参考 Flexbar 帮助文档获得更详细的解释:
- https://github.com/seqan/flexbar
- https://github.com/seqan/flexbar/wiki
Flexbar 基本用法:
flexbar -r reads [-t target] [-b barcodes] [-a adapters] [options] |
额外选项如下:
- '--adapter-min-overlap 7' requires a minimum of 7 bases to match the adapter
- '--adapter-trim-end RIGHT' uses a trimming strategy to remove the adapter from the 3 prime or RIGHT end of the read
- '--max-uncalled 300' allows as many as 300 uncalled or N bases (MiSeq read lengths can be 300bp)
- '--min-read-length' the minimum read length allowed after trimming is 25bp.
- '--threads 8' use 8 threads
- '--zip-output GZ' the input FASTQ files are gzipped so we will output gzipped FASTQ to save space
- '--adapters' define the path to the adapter FASTA file to trim
- '--reads' define the path to the read 1 FASTQ file of reads
- '--reads2' define the path to the read 2 FASTQ file of reads
- '--target' a base path for the output files. The value will _1.fastq.gz and _2.fastq.gz for read 1 and read 2 respectively
- '--pre-trim-left' trim a fixed number of bases at left read end. For example, to trim 5 bases at the left side of reads: --pre-trim-left 5
- '--pre-trim-right' trim a fixed number of bases at right read end. For example, to trim 5 bases at the right side of reads: --pre-trim-right 5
- '--pre-trim-phred' trim based on phred quality value to deal with higher error rates towards the end of reads. For example, to trim the 3 prime end until quality offset value 30 or higher is reached, specify: --pre-trim-phred 30
# Flexbar trim
首先,为输出设置一些目录
mkdir trim |
下载必要的 Illumina 接头序列文件。
wget http://genomedata.org/rnaseq-tutorial/illumina_multiplex.fa |
使用 flexbar 删除 illumina 接头序列 (如果有的话),并修剪每个读取的前 13 个碱基。

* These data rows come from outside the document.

(* Let $f,g$ satisfy the standing assumptions below and suppose $\beta\ge\frac{2M_fQ_g}{\mu^3}$. Then for any $(x,y)\in\mathbb{R}^n\times\mathbb{R}^p$, $(x,y)$ is a $\mathcal{D}_h$-stationary point of (CDB) (i.e. $0\in\mathcal{D}_h(x,y)$) if and only if $0\in\hat{\mathcal{D}}_h(x,y)$.
   Context: Standing assumptions. (A1) Constants $M_f,\mu,L_g,Q_g>0$ exist such that: $f:\mathbb{R}^n\times\mathbb{R}^p\to\mathbb{R}$ is $M_f$-Lipschitz; $g$ is twice differentiable with $\nabla^2_{yy}g\succeq\mu I_p$; $\nabla g$ is $L_g$-Lipschitz; $\nabla^2_{yy}g,\nabla^2_{xy}g$ are $Q_g$-Lipschitz; $\nabla^2_{yy}g$ is continuously differentiable ($\nabla^2_{xy}g\in\mathbb{R}^{n\times p}$ has entries $\partial^2g/\partial x_i\partial y_j$). (A2) $f$ is a potential function of a conservative field $\mathcal{D}_f$ with compact convex values of norm at most $M_f$. Notation (all at $(x,y)$): $H=\nabla^2_{yy}g$; $\mathcal{A}(x,y):=y-H^{-1}\nabla_yg$; $\nabla^3_{xyy}g(x,y)[d]:=\lim_{t\to0}\frac1t(\nabla^2_{xy}g(x,y+td)-\nabla^2_{xy}g(x,y))$, $\nabla^3_{yyy}g(x,y)[d]:=\lim_{t\to0}\frac1t(\nabla^2_{yy}g(x,y+td)-\nabla^2_{yy}g(x,y))$; $J_{A,x}:=-\nabla^2_{xy}gH^{-1}+\nabla^3_{xyy}g[H^{-1}\nabla_yg]H^{-1}$, $J_{A,y}:=\nabla^3_{yyy}g[H^{-1}\nabla_yg]H^{-1}$; $\mathcal{D}_h(x,y):=\{(d_x+J_{A,x}d_y+\beta\nabla^2_{xy}g\nabla_yg,\ J_{A,y}d_y+\beta H\nabla_yg):(d_x,d_y)\in\mathcal{D}_f(x,\mathcal{A}(x,y))\}$; $\hat{\mathcal{D}}_h(x,y):=\{(d_x-\nabla^2_{xy}g(H^{-1}d_y-\beta\nabla_yg),\ \beta\nabla_yg):(d_x,d_y)\in\mathcal{D}_f(x,\mathcal{A}(x,y))\}$. *)

theory Defs
  imports "HOL-Analysis.Analysis"
begin
lemma mtrace_adjoint_mult:
  assumes "A \<in> carrier_mat n n" "M \<in> carrier_mat n n"
  shows "mtrace (mat_adjoint A * M) = (\<Sum>k<n. \<Sum>l<n. cnj (A $$ (l, k)) * M $$ (l, k))"
  unfolding mtrace_def using assms by (auto simp: scalar_prod_def intro!: sum.cong)

section \<open>Unitary representations\<close>

definition intertwines ::
    "('g, 'b) monoid_scheme \<Rightarrow> ('g \<Rightarrow> complex mat) \<Rightarrow> ('g \<Rightarrow> complex mat) \<Rightarrow> complex mat \<Rightarrow> bool" where
  "intertwines G \<rho> \<sigma> T \<longleftrightarrow> (\<forall>h\<in>carrier G. \<sigma> h * T = T * \<rho> h)"

context
  fixes G :: "('g, 'b) monoid_scheme" (structure) and n :: nat and \<rho> :: "'g \<Rightarrow> complex mat"
  assumes group: "group G" and unitary: "unitary_rep G n \<rho>"
begin

lemma rep_carrier_mat: "g \<in> carrier G \<Longrightarrow> \<rho> g \<in> carrier_mat n n"
  using unitary unfolding unitary_rep_def unitary_mat_def by auto

lemma rep_adjoint_mult_self: "g \<in> carrier G \<Longrightarrow> mat_adjoint (\<rho> g) * \<rho> g = 1\<^sub>m n"
  using unitary unfolding unitary_rep_def unitary_mat_def by auto

lemma rep_mult: "g \<in> carrier G \<Longrightarrow> h \<in> carrier G \<Longrightarrow> \<rho> (g \<otimes> h) = \<rho> g * \<rho> h"
  using unitary unfolding unitary_rep_def by auto

lemma rep_one: "\<rho> \<one> = 1\<^sub>m n"
proof -
  interpret group G by (rule group)
  have c: "\<rho> \<one> \<in> carrier_mat n n" by (simp add: rep_carrier_mat)
  have "1\<^sub>m n = mat_adjoint (\<rho> \<one>) * (\<rho> \<one> * \<rho> \<one>)"
    using rep_mult[of \<one> \<one>] rep_adjoint_mult_self[of \<one>] by simp
  also have "\<dots> = \<rho> \<one>"
    using c rep_adjoint_mult_self[of \<one>] by (simp add: assoc_mult_mat[symmetric, of _ n n _ n _ n])
  finally show ?thesis by simp
qed

lemma rep_inv: "g \<in> carrier G \<Longrightarrow> \<rho> (inv g) = mat_adjoint (\<rho> g)"
proof -
  interpret group G by (rule group)
  assume g: "g \<in> carrier G"
  have c: "\<rho> g \<in> carrier_mat n n" "\<rho> (inv g) \<in> carrier_mat n n"
    using g by (auto intro: rep_carrier_mat)
  have right_inv: "\<rho> g * \<rho> (inv g) = 1\<^sub>m n"
    using g rep_mult[of g "inv g"] by (simp add: rep_one)
  have "\<rho> (inv g) = (mat_adjoint (\<rho> g) * \<rho> g) * \<rho> (inv g)"
    using rep_adjoint_mult_self[OF g] c by simp
  also have "\<dots> = mat_adjoint (\<rho> g) * (\<rho> g * \<rho> (inv g))"
    using c by (simp add: assoc_mult_mat[of _ n n _ n _ n])
  also have "\<dots> = mat_adjoint (\<rho> g)"
    using c by (simp add: right_inv)
  finally show ?thesis .
qed

lemma rep_dagger_expand:
  assumes "g \<in> carrier G" "M \<in> carrier_mat n n"
  shows "rep_dagger G \<rho> M g = (\<Sum>k<n. \<Sum>l<n. cnj (\<rho> g $$ (l, k)) * M $$ (l, k))"
  unfolding rep_dagger_def using assms rep_carrier_mat by (simp add: mtrace_adjoint_mult)

lemma rep_dagger_smult:
  assumes "M \<in> carrier_mat n n"
  shows "rep_dagger G \<rho> (c \<cdot>\<^sub>m M) g = c * rep_dagger G \<rho> M g"
proof (cases "g \<in> carrier G")
  case True
  then show ?thesis using assms
    by (simp add: rep_dagger_expand[of g] sum_distrib_left ac_simps)
qed (simp add: rep_dagger_def)
(* Let $H_1,H_2$ be non-empty graphs with $m_2(H_1)\ge m_2(H_2)>1$, let $\varepsilon>0$, and suppose every graph in $\hat{\mathcal{A}}(H_1,H_2,\varepsilon)$ has a valid edge-colouring for $H_1$ and $H_2$. Then every $(H_1,H_2)$-sparse $\hat{\mathcal{A}}$-graph $G$ has a valid edge-colouring for $H_1$ and $H_2$ (and such a colouring is obtained by colouring each member of $\mathcal{S}_G$ independently with a valid edge-colouring).
   Context: For a graph $H$ write $v_H=|V(H)|$, $e_H=|E(H)|$; $d_2(H) = (e_H-1)/(v_H-2)$ if $H$ is non-empty and $v_H \geq 3$, $d_2(K_2)=1/2$, $d_2(H)=0$ otherwise; $m_2(H)=\max_{J\subseteq H} d_2(J)$. $d_2(H_1,H_2) = e_{H_1}/(v_{H_1} - 2 + 1/m_2(H_2))$ if $H_2$ is non-empty and $v_{H_1}\ge2$, and $0$ otherwise; $m_2(H_1,H_2)=\max_{J\subseteq H_1} d_2(J,H_2)$. For a graph $A$, $d(A)=e_A/v_A$ ($0$ if $v_A=0$) and $m(A)=\max_{J\subseteq A} d(J)$. A red/blue colouring of the edges of $G$ is a valid edge-colouring for $H_1$ and $H_2$ if it contains no red copy of $H_1$ and no blue copy of $H_2$. For a graph $G$, $\mathcal{R}_G$ (resp. $\mathcal{L}_G$) is the set of subgraphs of $G$ isomorphic to $H_1$ (resp. $H_2$); $\mathcal{L}^*_G=\{L\in\mathcal{L}_G:\forall e\in E(L)\ \exists R\in\mathcal{R}_G,\ E(L)\cap E(R)=\{e\}\}$. $\mathcal{C}(H_1,H_2)$ is the class of graphs in which every edge $e$ satisfies $E(L)\cap E(R)=\{e\}$ for some $L\in\mathcal{L}_G,R\in\mathcal{R}_G$; $\mathcal{C}^*(H_1,H_2)$ the class of graphs in which every edge lies in some $L\in\mathcal{L}^*_G$. $\hat{\mathcal{A}}=\hat{\mathcal{A}}(H_1,H_2,\varepsilon)$ is the class of $2$-connected graphs $A$ with $m(A)\le m_2(H_1,H_2)+\varepsilon$ such that $A\in\mathcal{C}^*(H_1,H_2)$ if $m_2(H_1)>m_2(H_2)$ and $A\in\mathcal{C}(H_1,H_2)$ if $m_2(H_1)=m_2(H_2)$. For a graph $G$, $\mathcal{S}_G$ is the family of subgraphs $S\subseteq G$ isomorphic to a member of $\hat{\mathcal{A}}$ that are maximal, i.e. there is no $S'\subseteq G$ with $S\subsetneq S'$ and $S'$ isomorphic to a member of $\hat{\mathcal{A}}$; for $e\in E(G)$, $\mathcal{S}_G(e)=\{S\in\mathcal{S}_G: e\in E(S)\}$. $G$ is an $\hat{\mathcal{A}}$-graph if $|\mathcal{S}_G(e)|=1$ for every $e\in E(G)$. $\mathcal{T}_G$ is the family of subgraphs $T\subseteq G$ with $T\cong H_1$ or $T\cong H_2$ such that $|\bigcup_{e\in E(T)}\mathcal{S}_G(e)|\ge 2$; $G$ is $(H_1,H_2)$-sparse if $\mathcal{T}_G=\emptyset$. *)

theory Defs
  imports Complex_Main
begin

type_synonym 'a graph = "'a set \<times> 'a set set"

definition verts :: "'a graph \<Rightarrow> 'a set" where "verts G = fst G"
definition edges :: "'a graph \<Rightarrow> 'a set set" where "edges G = snd G"

definition graph :: "'a graph \<Rightarrow> bool" where
  "graph G \<longleftrightarrow> finite (verts G) \<and>
     (\<forall>e\<in>edges G. \<exists>u v. u \<noteq> v \<and> e = {u, v} \<and> u \<in> verts G \<and> v \<in> verts G)"

definition vnum :: "'a graph \<Rightarrow> nat" where "vnum G = card (verts G)"
definition enum :: "'a graph \<Rightarrow> nat" where "enum G = card (edges G)"

definition subgraph :: "'a graph \<Rightarrow> 'a graph \<Rightarrow> bool" where
  "subgraph J H \<longleftrightarrow> graph J \<and> verts J \<subseteq> verts H \<and> edges J \<subseteq> edges H"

../flexbar-3.4.0-linux/flexbar --adapter-min-overlap 7 --adapter-trim-end RIGHT --adapters illumina_multiplex.fa --pre-trim-left 13 --max-uncalled 300 --min-read-length 25 --threads 8 --zip-output GZ --reads UHR_Rep1_ERCC-Mix1_Build37-ErccTranscripts-chr22.read1.fastq.gz --reads2 UHR_Rep1_ERCC-Mix1_Build37-ErccTranscripts-chr22.read2.fastq.gz --target trim/UHR_Rep1_ERCC-Mix1_Build37-ErccTranscripts-chr22 |
可选练习:比较裁剪前后 FastQC 文件的质控报告。所有 fastqc 报告都可以在命令行上生成。
fastqc *.fastq.gz |
# 练习 5
作业:使用上面的方法,修剪你在之前的实践练习中下载的正常样本和肿瘤样本 reads 文件。注意:尝试去掉上面使用的硬左修剪选项 (”--pre-trim-left”)。一旦你削减了读取,使用 FastQC 工具比较修剪前和修剪后的 FastQ 文件。
mkdir trimmed | |
wget http://genomedata.org/rnaseq-tutorial/illumina_multiplex.fa | |
flexbar --adapter-min-overlap 7 --adapter-trim-end RIGHT --adapters illumina_multiplex.fa --max-uncalled 300 --min-read-length 25 --threads 8 --zip-output GZ --reads hcc1395_normal_rep1_r1.fastq.gz --reads2 hcc1395_normal_rep1_r2.fastq.gz --target trimmed/hcc1395_normal_rep1 | |
flexbar --adapter-min-overlap 7 --adapter-trim-end RIGHT --adapters illumina_multiplex.fa --max-uncalled 300 --min-read-length 25 --threads 8 --zip-output GZ --reads hcc1395_normal_rep2_r1.fastq.gz --reads2 hcc1395_normal_rep2_r2.fastq.gz --target trimmed/hcc1395_normal_rep2 | |
flexbar --adapter-min-overlap 7 --adapter-trim-end RIGHT --adapters illumina_multiplex.fa --max-uncalled 300 --min-read-length 25 --threads 8 --zip-output GZ --reads hcc1395_normal_rep3_r1.fastq.gz --reads2 hcc1395_normal_rep3_r2.fastq.gz --target trimmed/hcc1395_normal_rep3 | |
flexbar --adapter-min-overlap 7 --adapter-trim-end RIGHT --adapters illumina_multiplex.fa --max-uncalled 300 --min-read-length 25 --threads 8 --zip-output GZ --reads hcc1395_tumor_rep1_r1.fastq.gz --reads2 hcc1395_tumor_rep1_r2.fastq.gz --target trimmed/hcc1395_tumor_rep1 | |
flexbar --adapter-min-overlap 7 --adapter-trim-end RIGHT --adapters illumina_multiplex.fa --max-uncalled 300 --min-read-length 25 --threads 8 --zip-output GZ --reads hcc1395_tumor_rep2_r1.fastq.gz --reads2 hcc1395_tumor_rep2_r2.fastq.gz --target trimmed/hcc1395_tumor_rep2 | |
flexbar --adapter-min-overlap 7 --adapter-trim-end RIGHT --adapters illumina_multiplex.fa --max-uncalled 300 --min-read-length 25 --threads 8 --zip-output GZ --reads hcc1395_tumor_rep3_r1.fastq.gz --reads2 hcc1395_tumor_rep3_r2.fastq.gz --target trimmed/hcc1395_tumor_rep3 |
修剪后,hcc1395 正常样本 1 号重复,reads1 的读长范围是多少?25-151
FastQC 报告中哪些部分最适合观察修剪的效果?'Basic Statistics', 'Sequence Length Distribution' 以及 'Adapter Content'
在 “Per base sequence content section” 部分,你看到了什么模式?什么可以解释这种模式呢?
前 9 个碱基位置显示出一个尖状的模式,表明每个碱基在我们的读取 / 片段的开头有偏倚的表示。一种可能的解释是,cDNA 合成的随机六聚体引物在文库准备过程中以非随机的方式产生。因此碎片的生成 (以及最终的 reads) 在开始时有一个非随机模式。